Pleco Trouble

chuckj

AC Members
Nov 11, 2004
41
0
0
Hi everyone -

I'd appreciate any thoughts on this. For some reason, I can't seem to keep pleco's in my water.

I had a 12 gallon eclipse system, which was way too small. I tried a couple in that tank and they all do the same thing. They would be active to start but then gradually become less active, not eat, and eventually die. I was a little ignorant at the time, I was putting small common plecos in the 12 gallon, but regardless, they didn't live.

I've since upgraded to a 55 about 4 months ago, hoping for more stable water conditions, more space, etc. All my parameters are good, the other fish I have show no signs of stress, etc. I decided to try a small bristlenose pleco in the new tank. The same things happen. It gradually becomes less active and dies. I've put bottom feeder tabs, blanched cucumber, etc to be sure there was food available to him. I even got a piece of driftwood after reading they need in their diet. I've now had this happen to 2 bristlenoses. It is my understanding that the city water here is hard, but I don't have a test kit for hardness and I don't know if that would kill them.

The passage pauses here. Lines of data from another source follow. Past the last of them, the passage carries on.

theorem theorem27:
  fixes d :: "'c list \<Rightarrow> 'a" and v :: "(nat \<Rightarrow> 'c) \<Rightarrow> 'o"
    and pref :: "'a \<Rightarrow> 'o \<Rightarrow> 'o \<Rightarrow> bool"
    and \<Gamma> :: "(nat \<Rightarrow> 'c) set set"
  assumes swo: "\<forall>a. strict_weak_order (pref a)"
    and det: "\<forall>W \<in> \<Gamma>. \<forall>D. determined D W"
    and term_int: "\<forall>a I \<gamma>. terminal_interval (pref a) I \<longrightarrow> v -` I \<inter> cyl \<gamma> \<in> \<Gamma>"
    and limit: "\<forall>a p \<phi>. strict_mono (\<phi> :: nat \<Rightarrow> nat) \<longrightarrow>
        (\<forall>n. d (pfx p (\<phi> n)) = a \<and>
             G_set d v pref a (pfx p (\<phi> (Suc n))) \<subset> G_set d v pref a (pfx p (\<phi> n))) \<longrightarrow>
        v p \<in> (\<Inter>n. G_set d v pref a (pfx p (\<phi> n)))"
    and opt: "\<forall>a \<gamma>. \<exists>s. g_set d v pref a \<gamma> s = G_set d v pref a \<gamma>"
  shows "\<exists>\<sigma>. nash_eq d v pref \<sigma>"
proof -
  interpret nash_setting d v pref \<Gamma>
  proof unfold_locales
    show "\<not> pref a x x" for a x
      using swo by (simp add: strict_weak_order_def)
    show "v p \<in> (\<Inter>n. G_set d v pref a (pfx p (\<phi> n)))"
      if "strict_mono \<phi>"
        and "\<And>n. d (pfx p (\<phi> n)) = a \<and>
                 G_set d v pref a (pfx p (\<phi> (Suc n))) \<subset> G_set d v pref a (pfx p (\<phi> n))"
      for a p \<phi>
      by (rule limit[rule_format, OF that(1)]) (use that(2) in blast)
    show "\<exists>s. g_set d v pref a \<gamma> s = G_set d v pref a \<gamma>" for a \<gamma>
      using opt by blast
    show "strict_weak_order (pref a)" for a
      using swo by blast
    show "determined D W" if "W \<in> \<Gamma>" for W D
      using det that by blast
    show "v -` I \<inter> cyl \<gamma> \<in> \<Gamma>" if "terminal_interval (pref a) I" for a I \<gamma>
      using term_int that by blast
  qed
  show ?thesis
    using nash_eq_equilibrium by blast
qed
(* Let $p\in(0,1)$, $\beta\in\mathbb{R}$, $l\ge1$ and $1\le n\le l$ be fixed, let $\theta=0$ and $\alpha=\frac{k}{3^n}$ with $k\in\{0,\dots,3^n-1\}$. There exist functions $\phi_{p,\beta,\frac{k}{3^n},0}$ and $\psi_{p,\beta,\frac{k}{3^n},0}$ such that $H^{(l)}_{p,\beta,\frac{k}{3^n},0}$ is spectrally similar to $\Delta^{(l-n)}_p$ with respect to $\phi_{p,\beta,\frac{k}{3^n},0}$ and $\psi_{p,\beta,\frac{k}{3^n},0}$.
   Context: For $x\in\mathbb{Z}_+\setminus\{0\}$ let $m(x)$ be the largest integer $m\ge0$ with $3^m\mid x$. For $x\ge1$ set $p(x,x-1)=1-p,\ p(x,x+1)=p$ if $3^{-m(x)}x\equiv1\pmod3$, and $p(x,x-1)=p,\ p(x,x+1)=1-p$ if $3^{-m(x)}x\equiv2\pmod3$. Let $V_l=\{0,1,\dots,3^l\}$. The operator $H^{(l)}_{p,\beta,\alpha,\theta}$ acts on $f:V_l\to\mathbb{C}$ by $(H^{(l)}f)(0)=\beta\cos(\theta)f(0)-f(1)$, $(H^{(l)}f)(3^l)=\beta\cos(2\pi\alpha3^l+\theta)f(3^l)-f(3^l-1)$, and for $1\le x\le3^l-1$: $(H^{(l)}f)(x)=\beta\cos(2\pi\alpha x+\theta)f(x)-p(x,x-1)f(x-1)-p(x,x+1)f(x+1)$. The Laplacian $\Delta^{(j)}_p$ on $V_j$ is $(\Delta^{(j)}_pf)(0)=f(0)-f(1)$, $(\Delta^{(j)}_pf)(x)=f(x)-p(x,x-1)f(x-1)-p(x,x+1)f(x+1)$ for $1\le x\le3^j-1$, $(\Delta^{(j)}_pf)(3^j)=f(3^j)-f(3^j-1)$. Spectral similarity: given Hilbert spaces $\mathcal{H}_0,\mathcal{H}$, an isometry $U:\mathcal{H}_0\to\mathcal{H}$ and bounded operators $H$ on $\mathcal{H}$, $H_0$ on $\mathcal{H}_0$, $H$ is spectrally similar to $H_0$ with functions $\phi,\psi$ if $U^*(H-z)^{-1}U=(\phi(z)H_0-\psi(z))^{-1}$ for all $z\in\mathbb{C}$ for which both sides are defined. Here $\mathcal{H}=\mathbb{C}^{V_l}$, $\mathcal{H}_0=\mathrm{span}\{\delta_v: v\equiv0 \pmod{3^n}\}\subset\mathcal{H}$ identified with $\mathbb{C}^{V_{l-n}}$ via $v\mapsto v/3^n$, and $U$ is the inclusion. *)

theory Defs
  imports "Jordan_Normal_Form.Matrix" Complex_Main
begin

definition m3 :: "nat \<Rightarrow> nat" where
  "m3 x = (GREATEST m. (3::nat) ^ m dvd x)"

(* transition probabilities p(x,x-1), p(x,x+1) for x \<ge> 1 *)
definition pleft :: "real \<Rightarrow> nat \<Rightarrow> real" where
  "pleft p x = (if (x div 3 ^ m3 x) mod 3 = 1 then 1 - p else p)"

definition pright :: "real \<Rightarrow> nat \<Rightarrow> real" where
  "pright p x = (if (x div 3 ^ m3 x) mod 3 = 1 then p else 1 - p)"

(* The operator H^{(l)}_{p,beta,alpha,theta} on C^{V_l}, V_l = {0..3^l}, as a matrix
   indexed by 0..3^l (row x, column y) *)
definition Hmat :: "real \<Rightarrow> real \<Rightarrow> real \<Rightarrow> real \<Rightarrow> nat \<Rightarrow> complex mat" where
  "Hmat p \<beta> \<alpha> \<theta> l = mat (3^l + 1) (3^l + 1) (\<lambda>(x, y).
     (if x = y then complex_of_real (\<beta> * cos (2 * pi * \<alpha> * real x + \<theta>)) else 0)
     - (if x = 0 then (if y = 1 then 1 else 0)
        else if x = 3^l then (if y = 3^l - 1 then 1 else 0)
        else (if y = x - 1 then complex_of_real (pleft p x)
              else if y = x + 1 then complex_of_real (pright p x) else 0)))"
(* Let $\mathcal B$ be finite, $\eta>0$, $B_A>0$, and let $A,\tilde A\in\mathbb R^{\mathcal B}$ satisfy $\|A\|_\infty\le B_A$, $\|\tilde A\|_\infty\le B_A$ and be such that $\nu=\exp(\eta A)$ and $\tilde\nu=\exp(\eta\tilde A)$ are probability vectors on $\mathcal B$. Let ${\rm H}=\mathrm{diag}(\tilde\nu)-\tilde\nu\tilde\nu^\top$ and ${\rm L}=\mathrm{diag}(\nu)-\nu\nu^\top$. Then for every $g\in\mathbb R^{\mathcal B}$, $$e^{2\eta B_A}\,g^\top{\rm L}g\ \ge\ g^\top{\rm H}g\ \ge\ e^{-2\eta B_A}\,g^\top{\rm L}g.$$ *)

theory Defs
  imports "HOL-Analysis.Analysis"
begin

definition cov_matrix :: "('b \<Rightarrow> real) \<Rightarrow> 'b \<Rightarrow> 'b \<Rightarrow> real" where
  "cov_matrix nu i j = (if i = j then nu i else 0) - nu i * nu j"

definition quad_form :: "('b::finite \<Rightarrow> 'b \<Rightarrow> real) \<Rightarrow> ('b \<Rightarrow> real) \<Rightarrow> real" where
  "quad_form M g = (\<Sum>i\<in>UNIV. \<Sum>j\<in>UNIV. g i * M i j * g j)"

definition sup_norm :: "('b::finite \<Rightarrow> real) \<Rightarrow> real" where
  "sup_norm A = Max (range (\<lambda>b. \<bar>A b\<bar>))"

definition prob_vector :: "('b::finite \<Rightarrow> real) \<Rightarrow> bool" where
  "prob_vector nu \<longleftrightarrow> (\<forall>b. 0 \<le> nu b) \<and> (\<Sum>b\<in>UNIV. nu b) = 1"

end

theory Submission
  imports Defs
begin

(* The quadratic form of diag(nu) - nu nu^T is the variance of g under nu, and a
   variance is the least mean squared deviation from a constant. Hence if q <= K p
   pointwise, then Var_q(g) <= E_q (g - E_p g)^2 <= K E_p (g - E_p g)^2 = K Var_p(g).
   For Gibbs vectors exp(eta A), exp(eta A~) with sup norms at most B the density
   ratio lies between exp(-2 eta B) and exp(2 eta B), which gives both inequalities. *)

lemma quad_form_cov_matrix:
  fixes p g :: "'b::finite \<Rightarrow> real"
  shows "quad_form (cov_matrix p) g = (\<Sum>i\<in>UNIV. p i * (g i)\<^sup>2) - (\<Sum>i\<in>UNIV. p i * g i)\<^sup>2"
proof -
  have "quad_form (cov_matrix p) g =
      (\<Sum>i\<in>UNIV. \<Sum>j\<in>UNIV. if i = j then g i * p i * g j else 0)
    - (\<Sum>i\<in>UNIV. \<Sum>j\<in>UNIV. (p i * g i) * (p j * g j))"
    unfolding quad_form_def cov_matrix_def sum_subtractf[symmetric]
    by (intro sum.cong refl) (auto simp: algebra_simps)
  also have "(\<Sum>i\<in>UNIV. \<Sum>j\<in>UNIV. if i = j then g i * p i * g j else 0) = (\<Sum>i\<in>UNIV. p i * (g i)\<^sup>2)"
    by (simp add: power2_eq_square algebra_simps)
  also have "(\<Sum>i\<in>UNIV. \<Sum>j\<in>UNIV. (p i * g i) * (p j * g j)) = (\<Sum>i\<in>UNIV. p i * g i)\<^sup>2"
    by (simp add: power2_eq_square sum_product)
  finally show ?thesis .
qed

lemma quad_form_cov_matrix_add_square:
  fixes p g :: "'b::finite \<Rightarrow> real"
  assumes "(\<Sum>i\<in>UNIV. p i) = 1"
  shows "quad_form (cov_matrix p) g + ((\<Sum>i\<in>UNIV. p i * g i) - c)\<^sup>2 = (\<Sum>i\<in>UNIV. p i * (g i - c)\<^sup>2)"
proof -
  have "(\<Sum>i\<in>UNIV. p i * (g i - c)\<^sup>2)
      = (\<Sum>i\<in>UNIV. p i * (g i)\<^sup>2) - 2 * c * (\<Sum>i\<in>UNIV. p i * g i) + c\<^sup>2 * (\<Sum>i\<in>UNIV. p i)"
    by (simp add: power2_eq_square algebra_simps sum.distrib sum_subtractf sum_distrib_left)
  with assms show ?thesis
    by (simp add: quad_form_cov_matrix power2_eq_square algebra_simps)
qed

lemma quad_form_cov_matrix_mono:
  fixes p q g :: "'b::finite \<Rightarrow> real"
  assumes "(\<Sum>i\<in>UNIV. p i) = 1" and "(\<Sum>i\<in>UNIV. q i) = 1"
    and "\<And>i. q i \<le> K * p i"
  shows "quad_form (cov_matrix q) g \<le> K * quad_form (cov_matrix p) g"
proof -
  define m where "m = (\<Sum>i\<in>UNIV. p i * g i)"
  have "quad_form (cov_matrix q) g \<le> quad_form (cov_matrix q) g + ((\<Sum>i\<in>UNIV. q i * g i) - m)\<^sup>2"
    by simp
  also have "\<dots> = (\<Sum>i\<in>UNIV. q i * (g i - m)\<^sup>2)"
    using assms(2) by (rule quad_form_cov_matrix_add_square)
  also have "\<dots> \<le> (\<Sum>i\<in>UNIV. K * p i * (g i - m)\<^sup>2)"
    by (intro sum_mono mult_right_mono assms(3)) simp
  also have "\<dots> = K * (\<Sum>i\<in>UNIV. p i * (g i - m)\<^sup>2)"
    by (simp add: sum_distrib_left mult.assoc)
  also have "(\<Sum>i\<in>UNIV. p i * (g i - m)\<^sup>2) = quad_form (cov_matrix p) g"
    using quad_form_cov_matrix_add_square[OF assms(1), of g m] by (simp add: m_def)
  finally show ?thesis .
qed

lemma abs_le_sup_norm:
  fixes A :: "'b::finite \<Rightarrow> real"
  shows "\<bar>A b\<bar> \<le> sup_norm A"
  unfolding sup_norm_def by (rule Max_ge) auto

lemma exp_mult_le_exp_mult:
  fixes a a' eta B :: real
  assumes "eta \<ge> 0" and "\<bar>a\<bar> \<le> B" and "\<bar>a'\<bar> \<le> B"
  shows "exp (eta * a') \<le> exp (2 * eta * B) * exp (eta * a)"
proof -
  have "eta * (a' - a) \<le> eta * (2 * B)"
    using assms by (intro mult_left_mono) auto
  then show ?thesis
    by (simp add: exp_add[symmetric] algebra_simps)
qed

lemma exp_mult_le_exp_mult_sup_norm:
  fixes A A' :: "'b::finite \<Rightarrow> real"
  assumes "eta \<ge> 0" and "sup_norm A \<le> B" and "sup_norm A' \<le> B"
  shows "exp (eta * A' b) \<le> exp (2 * eta * B) * exp (eta * A b)"
  using assms abs_le_sup_norm order_trans by (blast intro: exp_mult_le_exp_mult)

theorem mainTheorem9:
  fixes A At g :: "'b::finite \<Rightarrow> real" and eta BA :: real
  assumes "eta > 0" and "BA > 0"
    and "sup_norm A \<le> BA" and "sup_norm At \<le> BA"
    and "prob_vector (\<lambda>b. exp (eta * A b))"
    and "prob_vector (\<lambda>b. exp (eta * At b))"
  shows "exp (2 * eta * BA) * quad_form (cov_matrix (\<lambda>b. exp (eta * A b))) g
           \<ge> quad_form (cov_matrix (\<lambda>b. exp (eta * At b))) g
       \<and> quad_form (cov_matrix (\<lambda>b. exp (eta * At b))) g
           \<ge> exp (- 2 * eta * BA) * quad_form (cov_matrix (\<lambda>b. exp (eta * A b))) g"
proof -
  let ?L = "quad_form (cov_matrix (\<lambda>b. exp (eta * A b))) g"
  let ?H = "quad_form (cov_matrix (\<lambda>b. exp (eta * At b))) g"
  have sums: "(\<Sum>b\<in>UNIV. exp (eta * A b)) = 1" "(\<Sum>b\<in>UNIV. exp (eta * At b)) = 1"
    using assms(5,6) by (simp_all add: prob_vector_def)
  have upper: "?H \<le> exp (2 * eta * BA) * ?L"
    using assms(1,3,4) sums
    by (intro quad_form_cov_matrix_mono exp_mult_le_exp_mult_sup_norm) auto
  have "?L \<le> exp (2 * eta * BA) * ?H"
    using assms(1,3,4) sums
    by (intro quad_form_cov_matrix_mono exp_mult_le_exp_mult_sup_norm) auto
  then have "exp (- 2 * eta * BA) * ?L \<le> ?H"
    by (simp add: exp_minus field_simps)
  with upper show ?thesis by simp
qed

end
lemma col_spread_bprod_le:
  assumes "q * K \<le> s" and c: "c \<in> {1..n}"
  shows "col_max n (bprod n A t s) c - col_min n (bprod n A t s) c \<le> (1 - \<eta>) ^ q"
  using assms(1)
proof (induction q arbitrary: s)
  case 0
  obtain r where r: "r \<in> {1..n}" "col_max n (bprod n A t s) c = bprod n A t s r c"
    using col_max_attained n_pos by blast
  obtain r' where r': "r' \<in> {1..n}" "col_min n (bprod n A t s) c = bprod n A t s r' c"
    using col_min_attained n_pos by blast
  have "bprod n A t s r c \<le> 1" "0 \<le> bprod n A t s r' c"
    using row_stochastic_entry_le_1[OF bprod_row_stochastic r(1) c] bprod_row_stochastic r'(1) c
    unfolding row_stochastic_def by auto
  then show ?case using r r' by simp
next
  case (Suc q)
  define a where "a = s - K"
  have s: "s = Suc a + (K - 1)" using Suc.prems K_pos unfolding a_def by auto
  have "q * K \<le> a" using Suc.prems unfolding a_def by auto
  then have IH: "col_max n (bprod n A t a) c - col_min n (bprod n A t a) c \<le> (1 - \<eta>) ^ q"
    by (rule Suc.IH)
  have "col_max n (bprod n A t s) c - col_min n (bprod n A t s) c
      \<le> (1 - \<eta>) * (col_max n (bprod n A t a) c - col_min n (bprod n A t a) c)"
    unfolding s bprod_split
    using col_spread_mmult_le[OF n_pos bprod_row_stochastic l_index window_ge] .
  also have "\<dots> \<le> (1 - \<eta>) * (1 - \<eta>) ^ q" using IH \<eta>_le_1 by (intro mult_left_mono) auto
  finally show ?case by simp
qed

lemma col_min_le_col_max_bprod: "col_min n (bprod n A t s) c \<le> col_max n (bprod n A t s') c"
proof -
  let ?M = "max s s'"
  have "col_min n (bprod n A t s) c \<le> col_min n (bprod n A t ?M) c"
    by (rule lift_Suc_mono_le[of "\<lambda>s. col_min n (bprod n A t s) c"])
      (auto intro: col_min_mmult_ge[OF n_pos row_stochastic_A])
  also have "\<dots> \<le> col_max n (bprod n A t ?M) c"
    using order.trans[OF col_min_le[of 1 n "bprod n A t ?M" c] col_max_ge[of 1 n "bprod n A t ?M" c]]
      n_pos by simp
  also have "\<dots> \<le> col_max n (bprod n A t s') c"
    by (rule lift_Suc_antimono_le[of "\<lambda>s. col_max n (bprod n A t s) c"])
      (auto intro: col_max_mmult_le[OF n_pos row_stochastic_A])
  finally show ?thesis .
qed

text \<open>The column minima increase and the column maxima decrease along the product, so
  the common limit of the rows is squeezed between them.\<close>

definition limit_vec :: "nat \<Rightarrow> nat \<Rightarrow> real" where
  "limit_vec t c = (SUP s. col_min n (bprod n A t s) c)"

lemma col_min_le_limit_vec: "col_min n (bprod n A t s) c \<le> limit_vec t c"
  unfolding limit_vec_def
  by (rule cSUP_upper) (auto intro: bdd_aboveI2 col_min_le_col_max_bprod)

lemma limit_vec_le_col_max: "limit_vec t c \<le> col_max n (bprod n A t s) c"
  unfolding limit_vec_def by (rule cSUP_least) (auto intro: col_min_le_col_max_bprod)

lemma bprod_limit_vec_dist:
  assumes "r \<in> {1..n}" "c \<in> {1..n}"
  shows "\<bar>bprod n A t s r c - limit_vec t c\<bar> \<le> (1 - \<eta>) ^ (s div K)"
proof -
  have "\<bar>bprod n A t s r c - limit_vec t c\<bar>
      \<le> col_max n (bprod n A t s) c - col_min n (bprod n A t s) c"
    using col_min_le_limit_vec[of t s c] limit_vec_le_col_max[of t c s]
      col_max_ge[OF assms(1), of "bprod n A t s" c] col_min_le[OF assms(1), of "bprod n A t s" c]
    by (simp add: abs_le_iff)
  also have "\<dots> \<le> (1 - \<eta>) ^ (s div K)"
    using assms(2) by (intro col_spread_bprod_le) simp
  finally show ?thesis .
qed

lemma limit_vec_ge:
  assumes "\<And>r. r \<in> {1..n} \<Longrightarrow> x \<le> bprod n A t s r c"
  shows "x \<le> limit_vec t c"
proof -
  obtain r where "r \<in> {1..n}" "col_min n (bprod n A t s) c = bprod n A t s r c"
    using col_min_attained n_pos by blast
  then show ?thesis using assms col_min_le_limit_vec[of t s c] by force
qed
lemma eff_size_diagonal_le:
  assumes "\<forall>s r. s \<noteq> r \<longrightarrow> d s r = 0" and "\<forall>s<m. d s s \<le> B"
  shows "eff_size m d \<le> B"
proof (rule eff_size_le)
  have "(\<Sum>r<m. d s r) = d s s" "(\<Sum>r<m. d r s) = d s s" if "s < m" for s
    using that assms(1) by (auto intro: sum_eq_single)
  then show "\<forall>s<m. (\<Sum>r<m. d s r) \<le> B" and "\<forall>r<m. (\<Sum>s<m. d s r) \<le> B"
    using assms(2) by auto
qed

lemma T_len_le:
  assumes "\<And>p. is_path mu E p \<Longrightarrow> (\<Sum>c\<leftarrow>p. eff_size m (D c)) \<le> B"
  shows "T_len m mu E D \<le> B"
proof -
  let ?S = "{\<Sum>c\<leftarrow>p. eff_size m (D c) | p. is_path mu E p} \<union> {0}"
  have "?S \<subseteq> {..B}"
    using assms by auto
  then show ?thesis
    unfolding T_len_def by (intro Max.boundedI) (auto dest: finite_subset)
qed

lemma active_slot_lt_makespan:
  assumes "\<forall>c s r t. H \<le> t \<longrightarrow> x c s r t = 0" and "0 < x c s r t"
  shows "t < makespan x"
proof -
  let ?S = "{Suc t | t. \<exists>c s r. x c s r t > 0} \<union> {0}"
  have "t' < H" if "0 < x c' s' r' t'" for c' s' r' t'
    using assms(1) that by (metis not_le less_irrefl)
  then have "?S \<subseteq> Suc ` {..<H} \<union> {0}"
    by blast
  then have "finite ?S"
    by (rule finite_subset) simp
  moreover have "Suc t \<in> ?S"
    using assms(2) by blast
  ultimately have "Suc t \<le> Max ?S"
    by (rule Max_ge)
  then show ?thesis
    unfolding makespan_def by simp
qed

lemma feasible_horizonE:
  assumes "feasible m mu E D x"
  obtains H where "\<forall>c s r t. H \<le> t \<longrightarrow> x c s r t = 0"
    and "\<forall>c<mu. \<forall>s<m. \<forall>r<m. (\<Sum>t<H. x c s r t) = D c s r"
  using assms unfolding feasible_def by (elim conjE exE) (rule that)

lemma feasible_idle_after_makespan:
  assumes "feasible m mu E D x" and "makespan x \<le> t"
  shows "x c s r t = 0"
proof (rule ccontr)
  obtain H where "\<forall>c s r t. H \<le> t \<longrightarrow> x c s r t = 0"
    using feasible_horizonE[OF assms(1)] by metis
  moreover assume "x c s r t \<noteq> 0"
  then have "0 < x c s r t"
    by simp
  ultimately have "t < makespan x"
    by (rule active_slot_lt_makespan)
  with assms(2) show False
    by simp
qed

lemma feasible_sum_upto_makespan:
  assumes "feasible m mu E D x" and "c < mu" "s < m" "r < m"
  shows "(\<Sum>t<makespan x. x c s r t) = D c s r"
proof -
  obtain H where idle: "\<forall>c s r t. H \<le> t \<longrightarrow> x c s r t = 0"
    and sent: "(\<Sum>t<H. x c s r t) = D c s r"
    using feasible_horizonE[OF assms(1)] assms(2-4) by metis
  let ?M = "max H (makespan x)"
  have "(\<Sum>t<?M. x c s r t) = (\<Sum>t<H. x c s r t)"
    using idle by (intro sum.mono_neutral_right) auto
  moreover have "(\<Sum>t<?M. x c s r t) = (\<Sum>t<makespan x. x c s r t)"
    using feasible_idle_after_makespan[OF assms(1)] by (intro sum.mono_neutral_right) auto
  ultimately show ?thesis
    using sent by simp
qed

lemma feasible_active_imp_demand:
  assumes "feasible m mu E D x" and "0 < x c s r t"
  shows "c < mu \<and> s < m \<and> r < m \<and> 0 < D c s r"
proof -
  have range: "c < mu \<and> s < m \<and> r < m"
    using assms unfolding feasible_def by (metis not_le less_irrefl)
  have "t < makespan x"
    using feasible_idle_after_makespan[OF assms(1)] assms(2) by (metis not_le less_irrefl)
  then have "x c s r t \<le> (\<Sum>t<makespan x. x c s r t)"
    by (intro member_le_sum) auto
  then show ?thesis
    using range assms feasible_sum_upto_makespan by fastforce
qed

lemma feasible_precedence_exclusive:
  assumes "feasible m mu E D x" and "(c1, c2) \<in> E" and "0 < x c1 s1 r1 t"
  shows "x c2 s2 r2 t = 0"
  using assms unfolding feasible_def by blast

lemma total_demand_le_makespan:
  assumes "feasible m mu E D x"
    and serial: "\<forall>t. (\<Sum>c<mu. \<Sum>s<m. \<Sum>r<m. x c s r t) \<le> 1"
  shows "(\<Sum>c<mu. \<Sum>s<m. \<Sum>r<m. D c s r) \<le> makespan x"
proof -
  let ?M = "makespan x"
  have "(\<Sum>c<mu. \<Sum>s<m. \<Sum>r<m. D c s r) = (\<Sum>c<mu. \<Sum>s<m. \<Sum>r<m. \<Sum>t<?M. x c s r t)"
    using feasible_sum_upto_makespan[OF assms(1)] by simp
  also have "\<dots> = (\<Sum>t<?M. \<Sum>c<mu. \<Sum>s<m. \<Sum>r<m. x c s r t)"
    by (simp only: sum.swap[of _ "{..<m}" "{..<?M}"] sum.swap[of _ "{..<mu}" "{..<?M}"])
  also have "\<dots> \<le> (\<Sum>t<?M. 1)"
    using serial by (intro sum_mono) auto
  finally show ?thesis
    by simp
qed

definition layered_coflows :: "nat \<Rightarrow> nat \<Rightarrow> nat \<Rightarrow> nat \<Rightarrow> nat" where
  "layered_coflows k c s r = (if c < k * k \<and> s = c div k \<and> r = c div k then 1 else 0)"

definition layered_dag :: "nat \<Rightarrow> (nat \<times> nat) set" where
  "layered_dag k = {(c1, c2). c1 < k * k \<and> c2 < k * k \<and> c1 div k < c2 div k}"

lemma layer_less: "(c::nat) < k * k \<Longrightarrow> c div k < k"
  by (rule less_mult_imp_div_less)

I'm assuming I'm just going to give up on the plecos! I have an oto in there now and he does a good job cleaning. Anyone else have similar experience. Is there something I'm missing?
 
For a start test you water for everything and make sure its perfect before you put in fish, i dont see how you can kill so many pleco's and not think that your water may be high in something??? :confused:
 
Re: Plec Trouble

Do you have a heater? My common Plec became inactive for a while when I first got him/her, but when I set my heater to about 76 degrees, he really perked up. This was a year ago, and he's thriving and growing in my 35 gal tank. Not sure if that was the only factor, but his perkiness coincided with the temp change. Good luck!
 
I test for everything but hardness.

Ammonia is 0
Nitrite is 0
Nitrate 10-20
PH is 7.4-7.6

I have two bala sharks, four cory cats, an oto, and a couple tetras (tetra's are transferred from the small tank). I haven't lost any other fish, and they don't even seem stressed or anything.

I have a heater and keep the tank around 79F. The pleco does seem to spend a large amount of time hanging around the heater, but i'd think 79 would be a decent temperature for a community tank from what I've read.

It has me puzzled (and frustrated!). If there were more signs of trouble, it would make more sense but it only seems to be the plecos..........so I don't know!